After dropping Mara off, I bought balloons, candles, and small toys, then hailed a taxi to the cemetery.

---

When I finally saw the grave, my knees nearly buckled beneath me.

Weeds had overtaken the area. The soil was cracked and neglected. No one had visited—not even once.

Then I noticed it.

Two words, scrawled in red paint across the tombstone: bastard.

I froze, my chest tightening, vision blurring. I stumbled forward, rubbing frantically at the paint with my bare hands, crying out her name. “No… no… no…”

The paint refused to budge. It blended with my blood, turning the word darker, sharper, more grotesque.

I scrubbed until my palms split open.

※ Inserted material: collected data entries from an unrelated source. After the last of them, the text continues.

lemma distrib_fun_rearr:
  assumes f: "meas01 f"
  shows "distrib_fun (rearr f) y = distrib_fun f y"
proof -
  obtain r where r: "distrib_fun f y = ennreal r" "0 \<le> r" "r \<le> 1"
    using distrib_fun_le_1[of f y]
    by (cases "distrib_fun f y") (auto simp: top_unique)
  have "{t \<in> unitI. y < rearr f t} = {0<..<r}"
    using r by (auto simp: less_rearr_iff[OF f] ennreal_less_iff)
  then have "distrib_fun (rearr f) y = emeasure lebesgue {0<..<r}"
    unfolding distrib_fun_def by simp
  then show ?thesis
    using r by simp
qed

lemma rearr_rearr:
  assumes f: "meas01 f"
  shows "rearr (rearr f) = rearr f"
proof
  fix t
  have "rearr (rearr f) t = Inf {y. distrib_fun (rearr f) y \<le> ennreal t}"
    by (rule rearr_def)
  also have "\<dots> = rearr f t"
    by (simp only: distrib_fun_rearr[OF f] rearr_def)
  finally show "rearr (rearr f) t = rearr f t" .
qed

lemma distrib_fun_mono_AE:
  assumes f: "meas01 f" and le: "AE t in lebesgue_on unitI. g t \<le> f t"
  shows "distrib_fun g y \<le> distrib_fun f y"
proof -
  have "AE t in lebesgue. t \<in> unitI \<longrightarrow> g t \<le> f t"
    using le by (subst (asm) AE_restrict_space_iff) auto
  then have "AE t in lebesgue. t \<in> {t \<in> unitI. y < g t} \<longrightarrow> t \<in> {t \<in> unitI. y < f t}"
    by eventually_elim (auto intro: less_le_trans)
  then show ?thesis
    unfolding distrib_fun_def by (rule emeasure_mono_AE) (rule sets_superlevel[OF f])
qed

lemma rearr_mono_AE:
  assumes f: "meas01 f" and g: "meas01 g" and le: "AE t in lebesgue_on unitI. g t \<le> f t"
  shows "rearr g s \<le> rearr f s"
  unfolding rearr_le_iff[OF g]
  using distrib_fun_mono_AE[OF f le] distrib_fun_rearr_le[OF f] by (rule order_trans)

lemma rearr_cmult:
  assumes f: "meas01 f" and a: "0 \<le> a"
  shows "rearr (\<lambda>t. ennreal a * f t) s = ennreal a * rearr f s"
proof (cases "a = 0")
  case True
  have "distrib_fun (\<lambda>t. 0) 0 = 0"
    unfolding distrib_fun_def by simp
  then have "rearr (\<lambda>t. 0) s \<le> 0"
    unfolding rearr_def by (intro Inf_lower) simp
  then show ?thesis
    using True by simp
next
  case False
  then have a0: "ennreal a \<noteq> 0" "ennreal a < top"
    using a by auto
  have af: "meas01 (\<lambda>t. ennreal a * f t)"
    by (rule meas01_cmult[OF f])
  have distrib: "distrib_fun (\<lambda>t. ennreal a * f t) z = distrib_fun f (z / ennreal a)" for z
    unfolding distrib_fun_def using divide_less_ennreal[OF a0, of z]
    by (simp add: mult.commute)
  have iff: "rearr (\<lambda>t. ennreal a * f t) s \<le> z \<longleftrightarrow> ennreal a * rearr f s \<le> z" for z
  proof -
    have "rearr (\<lambda>t. ennreal a * f t) s \<le> z \<longleftrightarrow> rearr f s \<le> z / ennreal a"
      unfolding rearr_le_iff[OF af] rearr_le_iff[OF f] distrib ..
    also have "\<dots> \<longleftrightarrow> ennreal a * rearr f s \<le> z"
      using divide_less_ennreal[OF a0, of z "rearr f s"] by (auto simp: not_less[symmetric] mult.commute)
    finally show ?thesis .
  qed
  show ?thesis
    using iff[of "rearr (\<lambda>t. ennreal a * f t) s"] iff[of "ennreal a * rearr f s"]
    by (simp add: order.antisym)
qed

lemma rearr_add:
  assumes f: "meas01 f" and g: "meas01 g" and s: "0 \<le> s"
  shows "rearr (\<lambda>t. f t + g t) s \<le> rearr f (s/2) + rearr g (s/2)"
proof -
  let ?a = "rearr f (s/2)" and ?b = "rearr g (s/2)"
  have "{t \<in> unitI. ?a + ?b < f t + g t} \<subseteq> {t \<in> unitI. ?a < f t} \<union> {t \<in> unitI. ?b < g t}"
    using add_mono[of "f _" ?a "g _" ?b] by (auto simp: not_less[symmetric])
  then have "distrib_fun (\<lambda>t. f t + g t) (?a + ?b)
      \<le> emeasure lebesgue ({t \<in> unitI. ?a < f t} \<union> {t \<in> unitI. ?b < g t})"
    unfolding distrib_fun_def using sets_superlevel[OF f] sets_superlevel[OF g]
    by (intro emeasure_mono) auto
  also have "\<dots> \<le> distrib_fun f ?a + distrib_fun g ?b"
    unfolding distrib_fun_def using sets_superlevel[OF f] sets_superlevel[OF g]
    by (intro emeasure_subadditive) auto
  also have "\<dots> \<le> ennreal (s/2) + ennreal (s/2)"
    by (intro add_mono distrib_fun_rearr_le f g)
  also have "\<dots> = ennreal s"
    using s by (simp flip: ennreal_plus)
  finally show ?thesis
    unfolding rearr_le_iff[OF meas01_add[OF f g]] .
qed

Until I gasped for air. Until I fell to my knees and screamed into the sky.

Then the rain came—cold, relentless, soaking me to the bone.

I don’t know how long I stayed there, crying, screaming, scrubbing. When I finally stopped, the sky had dulled to gray. I set to work: replacing the tombstone, clearing the weeds, wiping mud from her photo, arranging the toys neatly at her feet.

My voice shook as I whispered, “Mom will make them pay… all of them.”

By the time I returned home, dawn was beginning to break.

The door hadn’t even fully closed when Damian’s voice echoed from the living room. “Didn’t I tell you to stay home? Where have you been? I called all night! Do you even understand—”

He cut off abruptly as I walked past him without a glance.

“Today… is our daughter’s death anniversary,” I said quietly.

Before I could move further, darkness swallowed me.

When I came to, a soft, weary voice reached me. Maybe it was him.

“Clara… I’m sorry.”

Then a harsh, insistent ringing cut through the haze.

I opened my eyes. The room was empty. It had all been a dream.

The phone kept buzzing. My hands trembled as I grabbed it.

When I heard Mara’s voice, my chest tightened painfully.

“Clara,” she said, voice trembling but bright with urgency. “I found it. I found proof. Chiara… she was the one who killed your daughter.”